Пламя разгорелось быстро, жадно, отбрасывая тёплый оранжевый свет на стволы окружающих деревьев и создавая круг безопасности в темноте.
Даниил сел у огня, протянув руки к теплу, и просто смотрел на танцующие языки пламени. Гипнотизирующее зрелище, древнее и успокаивающее.
За рекой, где‑то в темноте леса, кто‑то ухал протяжно и тревожно – сова, наверное, вышла на охоту.

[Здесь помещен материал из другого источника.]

(* (i) Every sequence of applications of the rules Monadic, Horn, Shallow and Linear, applied with the rule preference of $\Rightarrow_{\mathrm{apr}}$ (Monadic before Horn before Shallow before Linear), starting from a finite clause set, terminates. (ii) The Monadic transformation is an over-approximation. (iii) The Horn transformation is an over-approximation. (iv) The Shallow transformation is an over-approximation. (v) The Linear transformation is an over-approximation.
   Context: First-order logic without equality. A clause is a finite multiset of literals written $\Gamma \rightarrow \Delta$, where $\Gamma$ is the multiset of atoms of its negative literals and $\Delta$ the multiset of atoms of its positive literals; a clause with at most one positive literal is Horn. A Herbrand interpretation $I$ is a set of ground atoms; $I \models \Gamma\rightarrow\Delta$ iff for every grounding substitution $\sigma$, $\Delta\sigma\cap I\neq\emptyset$ or $\Gamma\sigma\not\subseteq I$; $I$ is a model of a clause set $N$ if it satisfies every clause of $N$; $N$ is satisfiable if it has a model. $t[s]_p$ denotes that term (or atom) $t$ has subterm $s$ at position $p$. A predicate is monadic if it has at most one argument. A relation $\Rightarrow$ on clause sets is an over-approximation if whenever $N\Rightarrow N'$ and $N'$ is satisfiable, then $N$ is satisfiable. Fix a single fresh monadic predicate $T$ and, for each non-monadic predicate $P$, a fresh function symbol $f_P$. The rules are: Monadic: $N\cup\{C[P(t_1,\dots,t_n)]\}\Rightarrow N\cup\{C[T(f_P(t_1,\dots,t_n))]\}$, replacing an occurrence of an atom $P(t_1,\dots,t_n)$ with $n>1$ in a clause. Horn: $N\cup\{\Gamma\rightarrow E_1,\dots,E_n\}\Rightarrow N\cup\{\Gamma\rightarrow E_i\}$ for some $i$, provided $n>1$. Shallow: $N\cup\{\Gamma\rightarrow E[s]_p\}\Rightarrow N\cup\{S(x),\Gamma_1\rightarrow E[x]_p\}\cup\{\Gamma_2\rightarrow S(s)\}$, provided $s$ is a complex (non-variable) term, $p$ is not a top position of an argument of $E$ (i.e. $s$ is a proper subterm of an argument of $E$), $x$ is a fresh variable, $S$ a fresh monadic predicate, and $\Gamma_1\cup\Gamma_2=\Gamma$. Linear: $N\cup\{\Gamma\rightarrow E[x]_{p,q}\}\Rightarrow N\cup\{\Gamma\{x\mapsto x'\},\Gamma\rightarrow E[x']_q\}$, provided $x'$ is a fresh variable and $p,q$ are two different occurrences of $x$ in $E$. $\Rightarrow_{\mathrm{apr}}$ is the union of these four relations, applied with preference Monadic before Horn before Shallow before Linear.
   Formalization: The Monadic rule replaces every atom $P(t_1,\dots,t_n)$ with $n>1$ in every clause of N by $T(f_P(t_1,\dots,t_n))$ at once, rather than a single occurrence in one clause. The paper assumes this as well. *)

theory Defs
  imports "HOL-Library.Multiset"
begin

datatype ('f, 'v) trm = Var 'v | Fn 'f "('f, 'v) trm list"

datatype ('p, 'f, 'v) atm = Atm 'p "('f, 'v) trm list"

fun atm_pred :: "('p, 'f, 'v) atm \<Rightarrow> 'p" where
  "atm_pred (Atm P ts) = P"

fun atm_args :: "('p, 'f, 'v) atm \<Rightarrow> ('f, 'v) trm list" where
  "atm_args (Atm P ts) = ts"

text \<open>A clause Gamma -> Delta: pair of multisets (negative atoms, positive atoms).\<close>
type_synonym ('p, 'f, 'v) cls = "('p, 'f, 'v) atm multiset \<times> ('p, 'f, 'v) atm multiset"

fun vars_trm :: "('f, 'v) trm \<Rightarrow> 'v set" where
  "vars_trm (Var x) = {x}"
| "vars_trm (Fn f ts) = (\<Union>t\<in>set ts. vars_trm t)"

fun funs_trm :: "('f, 'v) trm \<Rightarrow> 'f set" where
  "funs_trm (Var x) = {}"
| "funs_trm (Fn f ts) = insert f (\<Union>t\<in>set ts. funs_trm t)"

definition vars_atm :: "('p, 'f, 'v) atm \<Rightarrow> 'v set" where
  "vars_atm A = (\<Union>t\<in>set (atm_args A). vars_trm t)"

definition funs_atm :: "('p, 'f, 'v) atm \<Rightarrow> 'f set" where
  "funs_atm A = (\<Union>t\<in>set (atm_args A). funs_trm t)"

definition atoms_cls :: "('p, 'f, 'v) cls \<Rightarrow> ('p, 'f, 'v) atm set" where
  "atoms_cls C = set_mset (fst C) \<union> set_mset (snd C)"

definition vars_cls :: "('p, 'f, 'v) cls \<Rightarrow> 'v set" where
  "vars_cls C = (\<Union>A\<in>atoms_cls C. vars_atm A)"

definition preds_set :: "('p, 'f, 'v) cls set \<Rightarrow> 'p set" where
  "preds_set N = (\<Union>C\<in>N. atm_pred ` atoms_cls C)"

definition funs_set :: "('p, 'f, 'v) cls set \<Rightarrow> 'f set" where
  "funs_set N = (\<Union>C\<in>N. \<Union>A\<in>atoms_cls C. funs_atm A)"

fun subst :: "('v \<Rightarrow> ('f, 'v) trm) \<Rightarrow> ('f, 'v) trm \<Rightarrow> ('f, 'v) trm" where
  "subst \<sigma> (Var x) = \<sigma> x"
| "subst \<sigma> (Fn f ts) = Fn f (map (subst \<sigma>) ts)"

fun subst_atm :: "('v \<Rightarrow> ('f, 'v) trm) \<Rightarrow> ('p, 'f, 'v) atm \<Rightarrow> ('p, 'f, 'v) atm" where
  "subst_atm \<sigma> (Atm P ts) = Atm P (map (subst \<sigma>) ts)"

definition ground_trm :: "('f, 'v) trm \<Rightarrow> bool" where
  "ground_trm t \<longleftrightarrow> vars_trm t = {}"

definition ground_atm :: "('p, 'f, 'v) atm \<Rightarrow> bool" where
  "ground_atm A \<longleftrightarrow> vars_atm A = {}"

definition grounding :: "('v \<Rightarrow> ('f, 'v) trm) \<Rightarrow> bool" where
  "grounding \<sigma> \<longleftrightarrow> (\<forall>x. ground_trm (\<sigma> x))"

definition true_cls :: "('p, 'f, 'v) atm set \<Rightarrow> ('p, 'f, 'v) cls \<Rightarrow> bool" where
  "true_cls I C \<longleftrightarrow> (\<forall>\<sigma>. grounding \<sigma> \<longrightarrow>
      (subst_atm \<sigma> ` set_mset (snd C)) \<inter> I \<noteq> {} \<or>
      \<not> (subst_atm \<sigma> ` set_mset (fst C) \<subseteq> I))"

definition herbrand_interp :: "('p, 'f, 'v) atm set \<Rightarrow> bool" where
  "herbrand_interp I \<longleftrightarrow> (\<forall>A\<in>I. ground_atm A)"

definition is_model :: "('p, 'f, 'v) atm set \<Rightarrow> ('p, 'f, 'v) cls set \<Rightarrow> bool" where
  "is_model I N \<longleftrightarrow> herbrand_interp I \<and> (\<forall>C\<in>N. true_cls I C)"

definition satisfiable :: "('p, 'f, 'v) cls set \<Rightarrow> bool" where
  "satisfiable N \<longleftrightarrow> (\<exists>I. is_model I N)"

definition over_approximation :: "(('p, 'f, 'v) cls set \<Rightarrow> ('p, 'f, 'v) cls set \<Rightarrow> bool) \<Rightarrow> bool" where
  "over_approximation R \<longleftrightarrow> (\<forall>N N'. R N N' \<longrightarrow> satisfiable N' \<longrightarrow> satisfiable N)"

text \<open>Positions in terms are lists of argument indices (0-based).\<close>
primrec valid_pos :: "('f, 'v) trm \<Rightarrow> nat list \<Rightarrow> bool" where
  "valid_pos t [] = True"
| "valid_pos t (i # p) = (case t of Var x \<Rightarrow> False
                           | Fn f ts \<Rightarrow> i < length ts \<and> valid_pos (ts ! i) p)"

primrec subt_at :: "('f, 'v) trm \<Rightarrow> nat list \<Rightarrow> ('f, 'v) trm" where
  "subt_at t [] = t"
| "subt_at t (i # p) = (case t of Var x \<Rightarrow> Var x
                         | Fn f ts \<Rightarrow> subt_at (ts ! i) p)"

primrec repl_at :: "('f, 'v) trm \<Rightarrow> nat list \<Rightarrow> ('f, 'v) trm \<Rightarrow> ('f, 'v) trm" where
  "repl_at t [] s = s"
| "repl_at t (i # p) s = (case t of Var x \<Rightarrow> Var x
                           | Fn f ts \<Rightarrow> Fn f (ts[i := repl_at (ts ! i) p s]))"

text \<open>Positions in an atom P(t1,...,tn): i # q denotes position q in argument t_(i+1).
  The empty list is the (top) position of the atom itself, which is not a term position.\<close>
fun valid_apos :: "('p, 'f, 'v) atm \<Rightarrow> nat list \<Rightarrow> bool" where
  "valid_apos A [] = False"
| "valid_apos (Atm P ts) (i # q) = (i < length ts \<and> valid_pos (ts ! i) q)"

fun asubt_at :: "('p, 'f, 'v) atm \<Rightarrow> nat list \<Rightarrow> ('f, 'v) trm" where
  "asubt_at (Atm P ts) (i # q) = subt_at (ts ! i) q"
| "asubt_at (Atm P ts) [] = undefined"

fun arepl_at :: "('p, 'f, 'v) atm \<Rightarrow> nat list \<Rightarrow> ('f, 'v) trm \<Rightarrow> ('p, 'f, 'v) atm" where
  "arepl_at (Atm P ts) (i # q) s = Atm P (ts[i := repl_at (ts ! i) q s])"
| "arepl_at A [] s = A"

Ветер шелестел листвой над головой, принося запах влаги и речного ила. Где‑то вдалеке плеснула рыба, нарушив гладь воды.
Звуки живого мира. Свободного мира, мира, который продолжал существовать независимо от человеческих драм и трагедий.
Даниил медленно откинулся назад, опираясь на руки, и посмотрел на небо сквозь просветы между кронами деревьев.
Звёзды. Бесконечное множество звёзд, рассыпанных по чёрному бархатному полотну ночи. Живые, мерцающие, тёплые точки света – не холодные мёртвые призраки из видения Воронова, а настоящие, горящие солнца где‑то невероятно далеко.
Он смотрел на них долго, не отрываясь, и чувствовал нечто странное, почти забытое – свободу. Настоящую, физическую, осязаемую свободу.
Не было стен камеры, сжимающих со всех сторон. Не было подавителей, гудящих в ушах и давящих на разум тяжестью. Не было надзирателей с их холодными взглядами. Не было приказов Тарханова, определяющих каждый его шаг.
Только он сам, костёр перед ним, река за спиной и бесконечное ночное небо над головой.
Глава 5
Даниил закрыл глаза, глубоко вдыхая прохладный ночной воздух. Дым от костра щекотал ноздри. Где‑то стрекотали ночные насекомые. Впервые в этой жизни он и правда чувствовал, что свободен от своей прошлой жизни…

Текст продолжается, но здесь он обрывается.